text \<open>For two nonempty open sets A \<ni> a and B \<ni> b, the step function equal to a on [0,1) and
  to b at 1 is in H1; a continuous g with g 0 \<in> A and g 1 \<in> B among its approximants is the arc.

  If Y is not locally almost arcwise connected at y, first countability yields open A i, B i
  containing points a i, b i converging to y, such that A i and B i are never joined in the closure
  of a fixed neighbourhood V of y. The function that is a m at the dyadics (4k+1)/2^m, b m at
  (4k+3)/2^m and y elsewhere is in H1, because a m and b m converge to y. If continuous g n
  converge to it pointwise, the closed sets {x. \<forall>n\<ge>N. g n x \<in> closure V} cover [0,1], so by
  Baire one of them contains an interval. That interval contains dyadics of both kinds of a
  common level m, and for large n the map g n on the segment between them joins A m to B m
  inside closure V.\<close>

lemma fsigma_in_countable:
  fixes T :: "'a::t1_space set"
  assumes "countable T" "T \<subseteq> S"
  shows "fsigma_in (top_of_set S) T"
proof -
  have "fsigma_in (top_of_set S) (\<Union>x\<in>T. {x})"
  proof (rule fsigma_in_Union)
    fix C assume "C \<in> (\<lambda>x. {x}) ` T"
    then obtain x where "C = {x}" "x \<in> S" using assms(2) by auto
    then show "fsigma_in (top_of_set S) C"
      by (metis closed_imp_fsigma_in closed_singleton closedin_closed_Int inf.absorb2 empty_subsetI insert_subset)
  qed (use assms(1) in simp)
  then show ?thesis by simp
qed

lemma fsigma_in_cofinite:
  fixes S :: "'a::metric_space set"
  assumes "finite F"
  shows "fsigma_in (top_of_set S) (S - F)"
proof (rule open_imp_fsigma_in)
  show "metrizable_space (top_of_set S)"
    by (rule metrizable_space_subtopology[OF metrizable_space_euclidean])
  show "openin (top_of_set S) (S - F)"
    using assms by (simp add: Diff_eq openin_open_Int open_Compl finite_imp_closed)
qed

lemma H1_on01I:
  assumes "\<And>W. open W \<Longrightarrow> countable ({0..1} \<inter> f -` W) \<or> finite ({0..1} - f -` W)"
  shows "H1_on01 f"
  unfolding H1_on01_def
proof (intro allI impI)
  fix W :: "'a set" assume "open W"
  have "{0..1} \<inter> f -` W = {0..1} - ({0..1} - f -` W)" by blast
  then show "fsigma_in (top_of_set {0..1}) ({0..1} \<inter> f -` W)"
    using assms[OF \<open>open W\<close>] fsigma_in_countable fsigma_in_cofinite by (metis inf_le1)
qed

lemma joined_by_arc_inI:
  fixes g :: "'b::real_normed_vector \<Rightarrow> 'a::topological_space"
  assumes "continuous_on (closed_segment p q) g" "g p \<in> A" "g q \<in> B"
    and "g ` closed_segment p q \<subseteq> S"
  shows "joined_by_arc_in A B S"
  unfolding joined_by_arc_in_def
proof (intro exI conjI)
  show "path (g \<circ> linepath p q)"
    using assms(1) by (intro path_continuous_image) simp_all
qed (use assms in \<open>simp_all add: path_image_compose pathstart_compose pathfinish_compose\<close>)

lemma almost_arcwise_connected_if_H1_imp_B1:
  assumes "\<forall>f :: real \<Rightarrow> 'a::topological_space. H1_on01 f \<longrightarrow> B1_on01 f"
  shows "almost_arcwise_connected TYPE('a)"
  unfolding almost_arcwise_connected_def
proof (intro allI impI)
  fix A B :: "'a set" assume "open A \<and> open B \<and> A \<noteq> {} \<and> B \<noteq> {}"
  then obtain a b where ab: "a \<in> A" "b \<in> B" "open A" "open B" by auto
  define f where "f x = (if x = 1 then b else a)" for x :: real
  have "H1_on01 f"
  proof (rule H1_on01I)
    fix W :: "'a set"
    have "{0..1} \<inter> f -` W \<subseteq> {1} \<or> {0..1} - f -` W \<subseteq> {1}"
      by (auto simp: f_def)
    then show "countable ({0..1} \<inter> f -` W) \<or> finite ({0..1} - f -` W)"
      by (meson countable_finite finite.emptyI finite_insert finite_subset)
  qed
  then obtain g where g: "\<And>n. continuous_on {0..1} (g n)" "\<And>x. x \<in> {0..1} \<Longrightarrow> (\<lambda>n. g n x) \<longlonglongrightarrow> f x"
    using assms unfolding B1_on01_def by blast
  have "eventually (\<lambda>n. g n 0 \<in> A) sequentially" "eventually (\<lambda>n. g n 1 \<in> B) sequentially"
    using g(2)[of 0] g(2)[of 1] ab by (auto simp: f_def intro: topological_tendstoD)
  then obtain n where "g n 0 \<in> A" "g n 1 \<in> B"
    using eventually_conj eventually_happens' trivial_limit_sequentially by blast
  then show "joined_by_arc_in A B UNIV"
    using g(1)[of n] by (intro joined_by_arc_inI[of 0 1]) (simp_all add: closed_segment_eq_real_ivl)
qed

definition dyadics :: "real set" where
  "dyadics = {x. \<exists>m::nat. x * 2^m \<in> \<int>}"

definition dyadic_level :: "real \<Rightarrow> nat" where
  "dyadic_level x = (LEAST m. x * 2^m \<in> \<int>)"

lemma dyadic_level_odd:
  assumes "odd r"
  shows "of_int r / 2^m \<in> dyadics" "dyadic_level (of_int r / 2^m) = m"
proof -
  have scaled: "(of_int r :: real) / 2^m * 2^m \<in> \<int>" by simp
  have not_scaled: "\<not> of_int r / 2^m * (2::real)^k \<in> \<int>" if "k < m" for k
  proof
    assume "of_int r / 2^m * (2::real)^k \<in> \<int>"
    then obtain z where z: "of_int r / 2^m * (2::real)^k = of_int z" by (auto elim: Ints_cases)
    have "(2::real)^m = 2^k * 2^(m-k)" using that by (simp flip: power_add)
    then have "of_int r = of_int z * (2::real)^(m-k)" using z by (simp add: field_simps)
    then have "r = z * 2^(m-k)" by (metis of_int_eq_iff of_int_mult of_int_power of_int_numeral)
    then show False using assms \<open>k < m\<close> by simp
  qed
  show "of_int r / 2^m \<in> dyadics" unfolding dyadics_def using scaled by blast
  show "dyadic_level (of_int r / 2^m) = m" unfolding dyadic_level_def
    by (rule Least_equality) (use scaled not_scaled in \<open>auto simp: not_less[symmetric]\<close>)
qed

lemma dyadic_scaled_Ints:
  assumes "x \<in> dyadics" "dyadic_level x \<le> k"
  shows "x * 2^k \<in> \<int>"
proof -
  let ?l = "dyadic_level x"
  have "x * 2^?l \<in> \<int>"
    using assms(1) unfolding dyadics_def dyadic_level_def by (auto intro: LeastI_ex)
  moreover have "x * (2::real)^k = x * 2^?l * 2^(k - ?l)"
    using assms(2) by (metis le_add_diff_inverse mult.assoc power_add)
  ultimately show ?thesis by (metis Ints_mult Ints_power Ints_numeral)
qed

lemma countable_dyadics: "countable dyadics"
proof -
  have "dyadics \<subseteq> (\<lambda>(m::nat, z::int). of_int z / 2^m) ` UNIV"
  proof
    fix x assume "x \<in> dyadics"
    then obtain m z where "x * 2^m = of_int z" unfolding dyadics_def by (auto elim: Ints_cases)
    then have "x = of_int z / 2^m" by (simp add: field_simps)
    then show "x \<in> (\<lambda>(m::nat, z::int). of_int z / 2^m) ` UNIV" by auto
  qed
  then show ?thesis by (rule countable_subset) simp
qed

lemma finite_scaled_Ints_in_interval: "finite {x \<in> {a..b::real}. x * 2^k \<in> \<int>}"
proof -
  have "{x \<in> {a..b}. x * 2^k \<in> \<int>} \<subseteq> (\<lambda>z. of_int z / 2^k) ` {\<lceil>a * 2^k\<rceil>..\<lfloor>b * 2^k\<rfloor>}"
  proof
    fix x assume x: "x \<in> {x \<in> {a..b}. x * 2^k \<in> \<int>}"
    then obtain z where z: "x * 2^k = of_int z" by (auto elim: Ints_cases)
    have "a * 2^k \<le> x * 2^k" "x * 2^k \<le> b * 2^k" using x by auto
    then have "z \<in> {\<lceil>a * 2^k\<rceil>..\<lfloor>b * 2^k\<rfloor>}" using z by (simp add: ceiling_le le_floor_iff)
    moreover have "x = of_int z / 2^k" using z by (simp add: field_simps)
    ultimately show "x \<in> (\<lambda>z. of_int z / 2^k) ` {\<lceil>a * 2^k\<rceil>..\<lfloor>b * 2^k\<rfloor>}" by blast
  qed
  then show ?thesis by (rule finite_subset) simp
qed

lemma dyadics_mod_4_in_interval:
  fixes a b :: real
  assumes "a < b"
  obtains r s m where "r mod 4 = 1" "s mod 4 = 3"
    "of_int r / 2^m \<in> {a..b}" "of_int s / 2^m \<in> {a..b}"
proof -
  obtain m where "4 / (b - a) < (2::real)^m" using real_arch_pow[of 2 "4 / (b - a)"] by auto
  then have m: "4 < 2^m * (b - a)" using assms by (simp add: divide_less_eq mult.commute)
  define j where "j = \<lceil>a * 2^m\<rceil>"
  have j: "a * 2^m \<le> of_int j" "of_int j < a * 2^m + 1" unfolding j_def by linarith+
  have mem: "of_int t / 2^m \<in> {a..b}" if "j \<le> t" "t \<le> j + 3" for t
  proof -
    have "real_of_int j \<le> of_int t" "real_of_int t \<le> of_int j + 3" using that by linarith+
    then have "a * 2^m \<le> of_int t" "of_int t \<le> b * 2^m"
      using j m by (auto simp: algebra_simps)
    then show ?thesis by (simp add: pos_le_divide_eq pos_divide_le_eq)
  qed
  have "(j + (1 - j) mod 4) mod 4 = 1" "(j + (3 - j) mod 4) mod 4 = 3" by presburger+
  moreover have "j \<le> j + (t - j) mod 4 \<and> j + (t - j) mod 4 \<le> j + 3" for t by simp
  ultimately show thesis using that mem by blast
qed

text \<open>Writing a dyadic x as r / 2^m with r odd (or m = 0), the comb takes the value a m
  where r = 1 mod 4, b m where r = 3 mod 4, and y everywhere else.\<close>

definition dyadic_comb :: "(nat \<Rightarrow> 'a) \<Rightarrow> (nat \<Rightarrow> 'a) \<Rightarrow> 'a \<Rightarrow> real \<Rightarrow> 'a" where
  "dyadic_comb a b y x =
     (if x \<in> dyadics \<and> \<lfloor>x * 2 ^ dyadic_level x\<rfloor> mod 4 = 1 then a (dyadic_level x)
      else if x \<in> dyadics \<and> \<lfloor>x * 2 ^ dyadic_level x\<rfloor> mod 4 = 3 then b (dyadic_level x)
      else y)"

lemma dyadic_comb_mod_4_eq_1:
  assumes "r mod 4 = 1"
  shows "dyadic_comb a b y (of_int r / 2^m) = a m"
proof -
  have "odd r" using assms by presburger
  then show ?thesis using dyadic_level_odd[of r m] assms by (simp add: dyadic_comb_def)
qed

lemma dyadic_comb_mod_4_eq_3:
  assumes "s mod 4 = 3"
  shows "dyadic_comb a b y (of_int s / 2^m) = b m"
proof -
  have "odd s" using assms by presburger
  then show ?thesis using dyadic_level_odd[of s m] assms by (simp add: dyadic_comb_def)
qed

lemma dyadic_comb_not_dyadic: "x \<notin> dyadics \<Longrightarrow> dyadic_comb a b y x = y"
  by (simp add: dyadic_comb_def)

lemma dyadic_comb_cases: "dyadic_comb a b y x \<in> {y, a (dyadic_level x), b (dyadic_level x)}"
  by (simp add: dyadic_comb_def)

**WHAT THIS TASK INVOLVES**
The answer must be every line of the entries that includes the word "presburger".

**EXERCISE SOLUTION**
  have "(j + (1 - j) mod 4) mod 4 = 1" "(j + (3 - j) mod 4) mod 4 = 3" by presburger+
  have "odd r" using assms by presburger
  have "odd s" using assms by presburger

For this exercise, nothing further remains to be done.